Many users who study SSL certificates beyond the basics find themselves in the vast and complex world of Public Key Infrastructure – the system that keeps sensitive data safe on the web.

But once you learn about encryption algorithms and certificate authorities (CA), the following question naturally follows: How to become a certificate authority?

It’s a challenging road, especially for public CAs. You’re unlocking a door to a highly regulated space of trust and security, requiring you to fulfill specific criteria and meet stringent standards.

But if you want to secure you’re organization’s internal network, there’s an alternative – a private CA. Creating it is much easier and cheaper while enjoying the same level of security and encryption.

So, whether you’re just curious about the process or want to become your own certificate authority, this article will show you how to take the first step and what lies beyond. Stay tuned!

Table of Contents

  1. What Is a Public Certificate Authority?
  2. What Is a Private Certificate Authority?
  3. What Is the Difference Between Public and Private Certificate Authority?
  4. When You Need a Private vs Public CA?
  5. How to Become a Trusted / Public Certificate Authority?
  6. How to Create Your Own / Private Certificate Authority?
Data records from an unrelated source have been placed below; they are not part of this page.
(* Fix two distinct decimal digits $d_1 \neq d_2$ in $\{0,1,\dots,9\}$. For integers $i \ge 1$ and $k_1, k_2 \ge 0$, let $S(i,k_1,k_2)$ be the set of positive integers whose base-10 representation has exactly $i$ digits (no leading zeros) and contains exactly $k_1$ occurrences of the digit $d_1$ and exactly $k_2$ occurrences of the digit $d_2$; set $S(i,k_1,k_2)=\emptyset$ if $k_1<0$ or $k_2<0$. For integers $j \ge 1$ define $$t(i,j,k_1,k_2) = \sum_{x \in S(i,k_1,k_2)} \frac{1}{x^j}$$ (an empty sum being $0$). Then for all integers $i\ge 1$, $j \ge 1$, $k_1,k_2 \ge 0$: $$t(i+1,j,k_1,k_2) = \sum_{n=0}^{\infty} (-1)^n \binom{j+n-1}{n} \frac{1}{10^{j+n}} \Big[ d_1^{\,n}\, t(i,j+n,k_1-1,k_2) + d_2^{\,n}\, t(i,j+n,k_1,k_2-1) + \Big(\sum_{\substack{d\in\{0,\dots,9\}\\ d\ne d_1,\, d\ne d_2}} d^{\,n}\Big) t(i,j+n,k_1,k_2) \Big],$$ where $0^0$ is interpreted as $1$, and the series on the right converges.
   Context: All integers are written in base 10. The three terms in the bracket correspond to the decomposition $S(i+1,k_1,k_2) = \{10x+d_1 : x\in S(i,k_1-1,k_2)\} \cup \{10x+d_2 : x \in S(i,k_1,k_2-1)\} \cup \{10x+d : x\in S(i,k_1,k_2),\ d\in\{0,\dots,9\}\setminus\{d_1,d_2\}\}$. *)

theory Defs
  imports Complex_Main
begin

fun digits10 :: "nat \<Rightarrow> nat list" where
  "digits10 x = (if x < 10 then [x] else (x mod 10) # digits10 (x div 10))"

text \<open>Counts are integers, so
  the set is empty whenever k1 < 0 or k2 < 0.\<close>
definition S :: "nat \<Rightarrow> nat \<Rightarrow> nat \<Rightarrow> int \<Rightarrow> int \<Rightarrow> nat set" where
  "S d1 d2 i k1 k2 = {x. 0 < x \<and> length (digits10 x) = i
      \<and> int (count_list (digits10 x) d1) = k1 \<and> int (count_list (digits10 x) d2) = k2}"

definition t :: "nat \<Rightarrow> nat \<Rightarrow> nat \<Rightarrow> nat \<Rightarrow> int \<Rightarrow> int \<Rightarrow> real" where
  "t d1 d2 i j k1 k2 = (\<Sum>x\<in>S d1 d2 i k1 k2. 1 / (real x) ^ j)"

end

theory Submission
  imports Defs "HOL-Analysis.Analysis"
begin

text \<open>An (i+1)-digit number is 10x + d with x an i-digit number and d its last digit, and
  1/(10x + d)^j expands by the negative binomial series in d/(10x), which converges because
  d < 10 \<le> 10x. Summing these finitely many series over x \<in> S(i, ...) and grouping the
  last digits as d1, d2 or neither gives the identity.\<close>

lemma gbinomial_minus_of_nat:
  "(- real j gchoose n) = (-1) ^ n * real ((j + n - 1) choose n)"
proof (cases "j + n = 0")
  case True then show ?thesis by simp
next
  case False
  then have "real (j + n - 1) = real j + real n - 1" by linarith
  then show ?thesis by (simp add: gbinomial_minus binomial_gbinomial)
qed

lemma negative_binomial_series:
  fixes a b :: real
  assumes "\<bar>b\<bar> < a"
  shows "(\<lambda>n. (-1) ^ n * real ((j + n - 1) choose n) * b ^ n / a ^ (j + n)) sums (1 / (a + b) ^ j)"
proof -
  have "a > 0" "a + b > 0" using assms by auto
  have "(\<lambda>n. (- real j gchoose n) * a powr (- real j - real n) * b ^ n) sums (a + b) powr (- real j)"
    using gen_binomial_real''[OF assms] .
  moreover have "a powr (- real j - real n) = 1 / a ^ (j + n)" for n
    using \<open>a > 0\<close> by (simp add: powr_diff powr_minus powr_realpow power_add divide_inverse)
  moreover have "(a + b) powr (- real j) = 1 / (a + b) ^ j"
    using \<open>a + b > 0\<close> by (simp add: powr_minus powr_realpow divide_inverse)
  ultimately show ?thesis by (simp add: gbinomial_minus_of_nat mult_ac)
qed

declare digits10.simps [simp del]

lemma digits10_less_ten: "x < 10 \<Longrightarrow> digits10 x = [x]"
  by (simp add: digits10.simps)

lemma digits10_ge_ten: "10 \<le> x \<Longrightarrow> digits10 x = x mod 10 # digits10 (x div 10)"
  by (simp add: digits10.simps)

lemma digits10_append_digit: "0 < x \<Longrightarrow> d < 10 \<Longrightarrow> digits10 (10 * x + d) = d # digits10 x"
  by (simp add: digits10_ge_ten)

lemma less_ten_power_length_digits10: "x < 10 ^ length (digits10 x)"
proof (induction x rule: digits10.induct)
  case (1 x)
  show ?case
  proof (cases "x < 10")
    case True
    then show ?thesis by (simp add: digits10_less_ten)
  next
    case False
    with 1 have "x div 10 < 10 ^ length (digits10 (x div 10))" by simp
    with False show ?thesis by (simp add: digits10_ge_ten)
  qed
qed

lemma finite_S: "finite (S d1 d2 i k1 k2)"
proof (rule finite_subset)
  show "S d1 d2 i k1 k2 \<subseteq> {..<10 ^ i}"
    using less_ten_power_length_digits10 by (auto simp: S_def)
qed simp

lemma S_Suc:
  assumes "1 \<le> i"
  shows "S d1 d2 (Suc i) k1 k2 = (\<lambda>(d, x). 10 * x + d) `
           (SIGMA d:{0..9}. S d1 d2 i (k1 - of_bool (d = d1)) (k2 - of_bool (d = d2)))"
    (is "_ = ?f ` ?D")
proof
  show "S d1 d2 (Suc i) k1 k2 \<subseteq> ?f ` ?D"
  proof
    fix y assume y: "y \<in> S d1 d2 (Suc i) k1 k2"
    have "10 \<le> y"
    proof (rule ccontr)
      assume "\<not> 10 \<le> y"
      then have "length (digits10 y) = 1" by (simp add: digits10_less_ten)
      with y assms show False by (simp add: S_def)
    qed
    then have "digits10 y = y mod 10 # digits10 (y div 10)" and "0 < y div 10"
      by (simp_all add: digits10_ge_ten)
    with y have "(y mod 10, y div 10) \<in> ?D" by (auto simp: S_def)
    then show "y \<in> ?f ` ?D" by (rule rev_image_eqI) simp
  qed
next
  show "?f ` ?D \<subseteq> S d1 d2 (Suc i) k1 k2"
    by (auto simp: S_def digits10_append_digit)
qed

lemma inj_on_append_digit: "inj_on (\<lambda>(d, x). 10 * x + d) (SIGMA d:{0..(9::nat)}. B d)"
  by (rule inj_onI) (clarsimp, presburger)

lemma t_Suc:
  assumes "1 \<le> i"
  shows "t d1 d2 (Suc i) j k1 k2 =
    (\<Sum>d=0..9. \<Sum>x\<in>S d1 d2 i (k1 - of_bool (d = d1)) (k2 - of_bool (d = d2)). 1 / real (10 * x + d) ^ j)"
proof -
  have "t d1 d2 (Suc i) j k1 k2 = (\<Sum>(d, x)\<in>(SIGMA d:{0..9}.
          S d1 d2 i (k1 - of_bool (d = d1)) (k2 - of_bool (d = d2))). 1 / real (10 * x + d) ^ j)"
    unfolding t_def S_Suc[OF assms] by (subst sum.reindex[OF inj_on_append_digit]) (simp add: case_prod_unfold)
  also have "\<dots> = (\<Sum>d=0..9. \<Sum>x\<in>S d1 d2 i (k1 - of_bool (d = d1)) (k2 - of_bool (d = d2)).
          1 / real (10 * x + d) ^ j)"
    by (rule sum.Sigma[symmetric]) (simp_all add: finite_S)
  finally show ?thesis .
qed

lemma t_Suc_sums:
  assumes "1 \<le> i"
  shows "(\<lambda>n. (-1) ^ n * real ((j + n - 1) choose n) / 10 ^ (j + n) *
           (\<Sum>d=0..9. real d ^ n * t d1 d2 i (j + n) (k1 - of_bool (d = d1)) (k2 - of_bool (d = d2))))
         sums t d1 d2 (Suc i) j k1 k2"
proof -
  define c where "c n = (-1) ^ n * real ((j + n - 1) choose n) / 10 ^ (j + n)" for n
  define B where "B d = S d1 d2 i (k1 - of_bool (d = d1)) (k2 - of_bool (d = d2))" for d
  have "(\<lambda>n. \<Sum>d=0..9. \<Sum>x\<in>B d. c n * (real d ^ n / real x ^ (j + n)))
          sums (\<Sum>d=0..9. \<Sum>x\<in>B d. 1 / real (10 * x + d) ^ j)"
  proof (intro sums_sum)
    fix d x assume "d \<in> {0..9::nat}" "x \<in> B d"
    then have "\<bar>real d\<bar> < 10 * real x" by (auto simp: B_def S_def)
    from negative_binomial_series[OF this, of j]
    show "(\<lambda>n. c n * (real d ^ n / real x ^ (j + n))) sums (1 / real (10 * x + d) ^ j)"
      by (simp add: c_def power_mult_distrib add.commute)
  qed
  then show ?thesis
    unfolding t_Suc[OF assms] by (simp add: B_def c_def t_def sum_distrib_left)
qed

lemma sum_remove_two:
  assumes "finite A" "a \<in> A" "b \<in> A" "a \<noteq> b"
  shows "sum g A = g a + g b + sum g (A - {a, b})"
proof -
  have "sum g A = g a + sum g (A - {a})"
    using assms by (intro sum.remove)
  also have "sum g (A - {a}) = g b + sum g (A - {a} - {b})"
    using assms by (intro sum.remove) auto
  also have "A - {a} - {b} = A - {a, b}"
    by auto
  finally show ?thesis
    by (simp only: add.assoc)
qed

theorem mainTheorem1:
  fixes d1 d2 i j :: nat and k1 k2 :: int
  assumes "d1 \<le> 9" "d2 \<le> 9" "d1 \<noteq> d2"
    and "i \<ge> 1" "j \<ge> 1" "k1 \<ge> 0" "k2 \<ge> 0"
  shows "(\<lambda>n. (-1) ^ n * real ((j + n - 1) choose n) / 10 ^ (j + n) *
            (real d1 ^ n * t d1 d2 i (j + n) (k1 - 1) k2
             + real d2 ^ n * t d1 d2 i (j + n) k1 (k2 - 1)
             + (\<Sum>d\<in>{0..9::nat} - {d1, d2}. real d ^ n) * t d1 d2 i (j + n) k1 k2))
         sums t d1 d2 (i + 1) j k1 k2"
proof -
  have "(\<Sum>d=0..9. real d ^ n * t d1 d2 i (j + n) (k1 - of_bool (d = d1)) (k2 - of_bool (d = d2)))
      = real d1 ^ n * t d1 d2 i (j + n) (k1 - 1) k2
        + real d2 ^ n * t d1 d2 i (j + n) k1 (k2 - 1)
        + (\<Sum>d\<in>{0..9::nat} - {d1, d2}. real d ^ n) * t d1 d2 i (j + n) k1 k2" for n
    using assms(1-3) by (simp add: sum_remove_two[of "{0..9}" d1 d2] sum_distrib_right)
  with t_Suc_sums[OF \<open>i \<ge> 1\<close>, of j d1 d2 k1 k2] show ?thesis by simp
qed

end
What Is a Public Certificate Authority?

A public certificate authority (CA) is a trusted entity that issues digital certificates confirming the identity of other entities, be it a website, an individual, or an organization. It’s a key player in the web of trust that underpins the internet’s secure communication protocol, HTTPS.

Now, you might be wondering how this works. When a site or user needs to verify their digital identity, they apply to a public certificate authority. The certificate authority validates the applicant’s credentials; if all checks out, it issues a digital certificate. The signed certificate vouches for the holder’s identity.

The role of the public certificate authority doesn’t end there. It’s also responsible for maintaining a list of certificates it’s issued that are currently valid and another list of revoked certificates. Keeping these lists accurate helps browsers and operating systems know when to trust a website’s certificate.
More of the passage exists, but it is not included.